lemma
  fixes L :: "('w \<Rightarrow> 'e::real_normed_vector) \<Rightarrow> 'f::real_normed_vector"
  assumes L: "L \<in> Lambda_p p M"
  shows scaleR_in_Lambda_p: "(\<lambda>Y. c *\<^sub>R L Y) \<in> Lambda_p p M"
    and tnorm_scaleR_le: "tnorm p M (\<lambda>Y. c *\<^sub>R L Y) \<le> \<bar>c\<bar> * tnorm p M L"
proof -
  have "variation_sum (\<lambda>Y. c *\<^sub>R L Y) n A x \<le> \<bar>c\<bar> * tnorm p M L"
    if "tnorm_admissible p M n A x" for n A and x :: "nat \<Rightarrow> 'e"
    using mult_left_mono[OF variation_sum_le_tnorm[OF L that] abs_ge_zero[of c]]
    by (simp add: variation_sum_def sum_distrib_left)
  moreover have "bounded_linear_Lp p M (\<lambda>Y. c *\<^sub>R L Y)"
    using L unfolding Lambda_p_def by (auto intro: bounded_linear_Lp_scaleR)
  ultimately show "(\<lambda>Y. c *\<^sub>R L Y) \<in> Lambda_p p M"
    and "tnorm p M (\<lambda>Y. c *\<^sub>R L Y) \<le> \<bar>c\<bar> * tnorm p M L"
    by (auto intro: Lambda_pI tnorm_least)
qed

lemma tnorm_scaleR:
  fixes L :: "('w \<Rightarrow> 'e::real_normed_vector) \<Rightarrow> 'f::real_normed_vector"
  assumes L: "L \<in> Lambda_p p M"
  shows "tnorm p M (\<lambda>Y. c *\<^sub>R L Y) = \<bar>c\<bar> * tnorm p M L"
proof (cases "c = 0")
  case True
  then show ?thesis using tnorm_zero by simp
next
  case False
  have "tnorm p M (\<lambda>Y. inverse c *\<^sub>R (c *\<^sub>R L Y)) \<le> \<bar>inverse c\<bar> * tnorm p M (\<lambda>Y. c *\<^sub>R L Y)"
    by (rule tnorm_scaleR_le[OF scaleR_in_Lambda_p[OF L]])
  then have "\<bar>c\<bar> * tnorm p M L \<le> tnorm p M (\<lambda>Y. c *\<^sub>R L Y)"
    using False by (simp add: field_simps)
  then show ?thesis using tnorm_scaleR_le[OF L, of c] by linarith
qed

lemma diff_in_Lambda_p:
  "L \<in> Lambda_p p M \<Longrightarrow> K \<in> Lambda_p p M \<Longrightarrow> (\<lambda>Y. L Y - K Y) \<in> Lambda_p p M"
  using add_in_Lambda_p[OF _ scaleR_in_Lambda_p, of L p M K "-1"] by simp

section \<open>Domination of the operator norm by the triple norm\<close>

lemma nn_integral_norm_powr_scaled_le_1:
  fixes f :: "'w \<Rightarrow> 'e::real_normed_vector"
  assumes p: "0 < p" and f: "f \<in> Lp_space p M" and t: "Lp_norm p M f \<le> t" "0 < t"
  shows "(\<integral>\<^sup>+\<omega>. ennreal (norm (f \<omega> /\<^sub>R t) powr p) \<partial>M) \<le> 1"
proof -
  define I where "I = (\<integral>\<omega>. norm (f \<omega>) powr p \<partial>M)"
  have int: "integrable M (\<lambda>\<omega>. norm (f \<omega>) powr p)"
    using f unfolding Lp_space_def by blast
  have "0 \<le> I" unfolding I_def by (rule integral_nonneg_AE) auto
  then have "I = Lp_norm p M f powr p"
    using p unfolding Lp_norm_def I_def[symmetric] by (simp add: powr_powr)
  also have "\<dots> \<le> t powr p"
    using t p by (intro powr_mono2 Lp_norm_nonneg) auto
  finally have "I / t powr p \<le> 1"
    using t by simp
  moreover have "norm (v /\<^sub>R t) powr p = norm v powr p / t powr p" for v :: 'e
  proof -
    have "norm (v /\<^sub>R t) = norm v / t"
      using t by (simp add: divide_inverse_commute)
    then show ?thesis
      using t by (simp add: powr_divide)
  qed
  then have "(\<integral>\<^sup>+\<omega>. ennreal (norm (f \<omega> /\<^sub>R t) powr p) \<partial>M) = ennreal (I / t powr p)"
    using int unfolding I_def by (simp add: nn_integral_eq_integral)
  ultimately show ?thesis
    by (simp add: ennreal_le_1)
qed

lemma step_fun_scaleR: "step_fun n A (\<lambda>i. c *\<^sub>R x i) = (\<lambda>\<omega>. c *\<^sub>R step_fun n A x \<omega>)"
  unfolding step_fun_def scaleR_sum_right scaleR_scaleR by (simp only: mult.commute)

lemma variation_sum_scaleR:
  assumes M: "finite_measure M" and L: "bounded_linear_Lp p M L" and A: "\<forall>i<n. A i \<in> sets M"
  shows "variation_sum L n A (\<lambda>i. c *\<^sub>R x i) = \<bar>c\<bar> * variation_sum L n A x"
proof -
  have "L (\<lambda>\<omega>. indicator (A i) \<omega> *\<^sub>R (c *\<^sub>R x i)) = c *\<^sub>R L (\<lambda>\<omega>. indicator (A i) \<omega> *\<^sub>R x i)"
    if "i < n" for i
  proof -
    have "L (\<lambda>\<omega>. c *\<^sub>R (indicator (A i) \<omega> *\<^sub>R x i)) = c *\<^sub>R L (\<lambda>\<omega>. indicator (A i) \<omega> *\<^sub>R x i)"
      using A that by (intro bounded_linear_LpD_scaleR[OF L] indicator_scaleR_in_Lp_space[OF M]) auto
    then show ?thesis by (simp add: mult.commute)
  qed
  then show ?thesis by (simp add: variation_sum_def sum_distrib_left)
qed

lemma norm_step_fun_le_tnorm:
  fixes L :: "('w \<Rightarrow> 'e::real_normed_vector) \<Rightarrow> 'f::real_normed_vector"
  assumes M: "finite_measure M" and p: "0 < p" and L: "L \<in> Lambda_p p M"
    and A: "\<forall>i<n. A i \<in> sets M" and d: "disjoint_family_on A {..<n}"
  shows "norm (L (step_fun n A x)) \<le> tnorm p M L * Lp_norm p M (step_fun n A x)"
proof -
  have bl: "bounded_linear_Lp p M L" using L unfolding Lambda_p_def by blast
  define N where "N = Lp_norm p M (step_fun n A x)"
  have scaled: "variation_sum L n A x \<le> t * tnorm p M L" if t: "N < t" for t
  proof -
    have t0: "0 < t" using t Lp_norm_nonneg[of p M "step_fun n A x"] unfolding N_def by linarith
    have "(\<integral>\<^sup>+\<omega>. ennreal (norm (step_fun n A x \<omega> /\<^sub>R t) powr p) \<partial>M) \<le> 1"
      using t t0 by (intro nn_integral_norm_powr_scaled_le_1 p step_fun_in_Lp_space[OF M A]) (auto simp: N_def)
    then have "tnorm_admissible p M n A (\<lambda>i. x i /\<^sub>R t)"
      unfolding tnorm_admissible_def step_fun_scaleR using A d by blast
    then have "variation_sum L n A (\<lambda>i. x i /\<^sub>R t) \<le> tnorm p M L"
      by (rule variation_sum_le_tnorm[OF L])
    then show ?thesis
      using t0 by (simp add: variation_sum_scaleR[OF M bl A] field_simps)
  qed
  \<comment> \<open>Taking the limit t -> N instead of t = N also covers the case N = 0.\<close>
  have "variation_sum L n A x \<le> N * tnorm p M L"
  proof (rule tendsto_le[OF trivial_limit_at_right_real])
    show "((\<lambda>t. t * tnorm p M L) \<longlongrightarrow> N * tnorm p M L) (at_right N)"
      by (intro tendsto_intros)
    show "\<forall>\<^sub>F t in at_right N. variation_sum L n A x \<le> t * tnorm p M L"
      using eventually_at_right_less by (rule eventually_mono) (rule scaled)
  qed simp
  moreover have "norm (L (step_fun n A x)) \<le> variation_sum L n A x"
    unfolding bounded_linear_LpD_step_fun[OF M bl A] variation_sum_def by (rule norm_sum)
  ultimately show ?thesis
    unfolding N_def by (simp add: mult.commute)
qed


lemma norm_simple_function_le_tnorm:
  fixes L :: "('w \<Rightarrow> 'e::real_normed_vector) \<Rightarrow> 'f::real_normed_vector"
  assumes M: "finite_measure M" and p: "0 < p" and L: "L \<in> Lambda_p p M"
    and s: "simple_function M s"
  shows "norm (L s) \<le> tnorm p M L * Lp_norm p M s"
proof -
  obtain n A x where A: "\<forall>i<n. A i \<in> sets M" and d: "disjoint_family_on A {..<n}"
    and eq: "\<forall>\<omega>\<in>space M. s \<omega> = step_fun n A x \<omega>"
    using simple_function_eq_step_fun[OF s] by blast
  have bl: "bounded_linear_Lp p M L" using L unfolding Lambda_p_def by blast
  have "L s = L (step_fun n A x)"
    using eq by (intro bounded_linear_LpD_AE_cong[OF bl] simple_function_in_Lp_space[OF M s]
        step_fun_in_Lp_space[OF M A] AE_I2) auto
  moreover have "Lp_norm p M s = Lp_norm p M (step_fun n A x)"
    using eq unfolding Lp_norm_def by (simp cong: Bochner_Integration.integral_cong)
  ultimately show ?thesis
    using norm_step_fun_le_tnorm[OF M p L A d] by simp
qed

lemma norm_le_tnorm_mult_Lp_norm:
  fixes L :: "('w \<Rightarrow> 'e::real_normed_vector) \<Rightarrow> 'f::real_normed_vector"
  assumes M: "finite_measure M" and p: "0 < p" and L: "L \<in> Lambda_p p M" and f: "f \<in> Lp_space p M"
  shows "norm (L f) \<le> tnorm p M L * Lp_norm p M f"
proof -
  have bl: "bounded_linear_Lp p M L" using L unfolding Lambda_p_def by blast
  obtain C where C: "\<And>g. norm (L g) \<le> C * Lp_norm p M g"
    using bounded_linear_LpD_bound[OF bl] by blast
  obtain s where s: "\<And>k. simple_function M (s k)"
    and err: "(\<lambda>k. Lp_norm p M (\<lambda>x. f x - s k x)) \<longlonglongrightarrow> 0"
    and norms: "(\<lambda>k. Lp_norm p M (s k)) \<longlonglongrightarrow> Lp_norm p M f"
    using Lp_space_simple_approx[OF p f] by metis
  have bound: "norm (L f) \<le> C * Lp_norm p M (\<lambda>x. f x - s k x) + tnorm p M L * Lp_norm p M (s k)" for k
  proof -
    have "(\<lambda>x. - s k x) \<in> Lp_space p M"
      by (rule simple_function_in_Lp_space[OF M simple_function_compose1[OF s]])
    then have "L (\<lambda>x. f x - s k x) = L f - L (s k)"
      by (rule bounded_linear_LpD_diff[OF bl f simple_function_in_Lp_space[OF M s]])
    then have "norm (L f) \<le> norm (L (\<lambda>x. f x - s k x)) + norm (L (s k))"
      using norm_triangle_ineq[of "L f - L (s k)" "L (s k)"] by simp
    then show ?thesis
      using C[of "\<lambda>x. f x - s k x"] norm_simple_function_le_tnorm[OF M p L s, of k] by linarith
  qed
  have "(\<lambda>k. C * Lp_norm p M (\<lambda>x. f x - s k x) + tnorm p M L * Lp_norm p M (s k))
      \<longlonglongrightarrow> C * 0 + tnorm p M L * Lp_norm p M f"
    by (intro tendsto_add tendsto_mult_left err norms)
  from tendsto_le[OF sequentially_bot this tendsto_const] bound show ?thesis
    by simp
qed

lemma tnorm_eq_0_iff:
  fixes L :: "('w \<Rightarrow> 'e::real_normed_vector) \<Rightarrow> 'f::real_normed_vector"
  assumes M: "finite_measure M" and p: "0 < p" and L: "L \<in> Lambda_p p M"
  shows "tnorm p M L = 0 \<longleftrightarrow> L = (\<lambda>_. 0)"
proof
  assume "tnorm p M L = 0"
  then have "L f = 0" if "f \<in> Lp_space p M" for f
    using norm_le_tnorm_mult_Lp_norm[OF M p L that] by simp
  moreover have "L f = 0" if "f \<notin> Lp_space p M" for f
    using L that unfolding Lambda_p_def by (auto intro: bounded_linear_LpD_outside)
  ultimately show "L = (\<lambda>_. 0)" by (intro ext) (cases, auto)
qed (simp add: tnorm_zero)

section \<open>Completeness\<close>

lemma bounded_linear_Lp_pointwise_limit:
  fixes S :: "nat \<Rightarrow> ('w \<Rightarrow> 'e::real_normed_vector) \<Rightarrow> 'f::real_normed_vector"
  assumes S: "\<And>n. bounded_linear_Lp p M (S n)" and lim: "\<And>f. (\<lambda>n. S n f) \<longlonglongrightarrow> L f"
    and bound: "\<And>f. f \<in> Lp_space p M \<Longrightarrow> \<forall>\<^sub>F n in sequentially. norm (S n f) \<le> C * Lp_norm p M f"
  shows "bounded_linear_Lp p M L"
  unfolding bounded_linear_Lp_def
proof (intro conjI ballI allI impI)
  fix f g :: "'w \<Rightarrow> 'e" assume f: "f \<in> Lp_space p M" and g: "g \<in> Lp_space p M"
  have "(\<lambda>n. S n (\<lambda>x. f x + g x)) \<longlonglongrightarrow> L f + L g"
    using bounded_linear_LpD_add[OF S f g] by (simp add: tendsto_add lim)
  then show "L (\<lambda>x. f x + g x) = L f + L g"
    using lim LIMSEQ_unique by blast
  assume "AE x in M. f x = g x"
  then have "(\<lambda>n. S n f) = (\<lambda>n. S n g)"
    using bounded_linear_LpD_AE_cong[OF S f g] by simp
  then show "L f = L g"
    using lim LIMSEQ_unique by metis
next
  fix f :: "'w \<Rightarrow> 'e" and c assume f: "f \<in> Lp_space p M"
  have "(\<lambda>n. S n (\<lambda>x. c *\<^sub>R f x)) \<longlonglongrightarrow> c *\<^sub>R L f"
    using bounded_linear_LpD_scaleR[OF S f] by (simp add: tendsto_scaleR lim)
  then show "L (\<lambda>x. c *\<^sub>R f x) = c *\<^sub>R L f"
    using lim LIMSEQ_unique by blast
next
  fix f :: "'w \<Rightarrow> 'e" assume "f \<notin> Lp_space p M"
  then have "(\<lambda>n. S n f) \<longlonglongrightarrow> 0"
    using bounded_linear_LpD_outside[OF S] by simp
  then show "L f = 0"
    using lim LIMSEQ_unique by blast
next
  have "norm (L f) \<le> C * Lp_norm p M f" if "f \<in> Lp_space p M" for f
    using tendsto_le[OF sequentially_bot tendsto_const tendsto_norm[OF lim] bound[OF that]] .
  then show "\<exists>C. \<forall>f\<in>Lp_space p M. norm (L f) \<le> C * Lp_norm p M f"
    by blast
qed

lemma variation_sum_pointwise_limit_le:
  fixes S :: "nat \<Rightarrow> ('w \<Rightarrow> 'e::real_normed_vector) \<Rightarrow> 'f::real_normed_vector"
  assumes lim: "\<And>f. (\<lambda>k. S k f) \<longlonglongrightarrow> L f"
    and bound: "\<forall>\<^sub>F k in sequentially. S k \<in> Lambda_p p M \<and> tnorm p M (S k) \<le> B"
    and adm: "tnorm_admissible p M n A x"
  shows "variation_sum L n A x \<le> B"
proof (rule tendsto_le[OF sequentially_bot tendsto_const])
  show "(\<lambda>k. variation_sum (S k) n A x) \<longlonglongrightarrow> variation_sum L n A x"
    unfolding variation_sum_def by (intro tendsto_sum tendsto_norm lim)
  show "\<forall>\<^sub>F k in sequentially. variation_sum (S k) n A x \<le> B"
    using bound by eventually_elim (use variation_sum_le_tnorm adm in fastforce)
qed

______________________________

→ **WHAT TO WORK ON**:
The required output is the stretch of entries above from the line containing "M \<Longrightarrow> \<forall>\<^sub>F" through the line containing "proof (intro conjI ballI allI impI)", reproduced exactly.

→ **WRITTEN REPLY**:
    and bound: "\<And>f. f \<in> Lp_space p M \<Longrightarrow> \<forall>\<^sub>F n in sequentially. norm (S n f) \<le> C * Lp_norm p M f"
  shows "bounded_linear_Lp p M L"
  unfolding bounded_linear_Lp_def
proof (intro conjI ballI allI impI)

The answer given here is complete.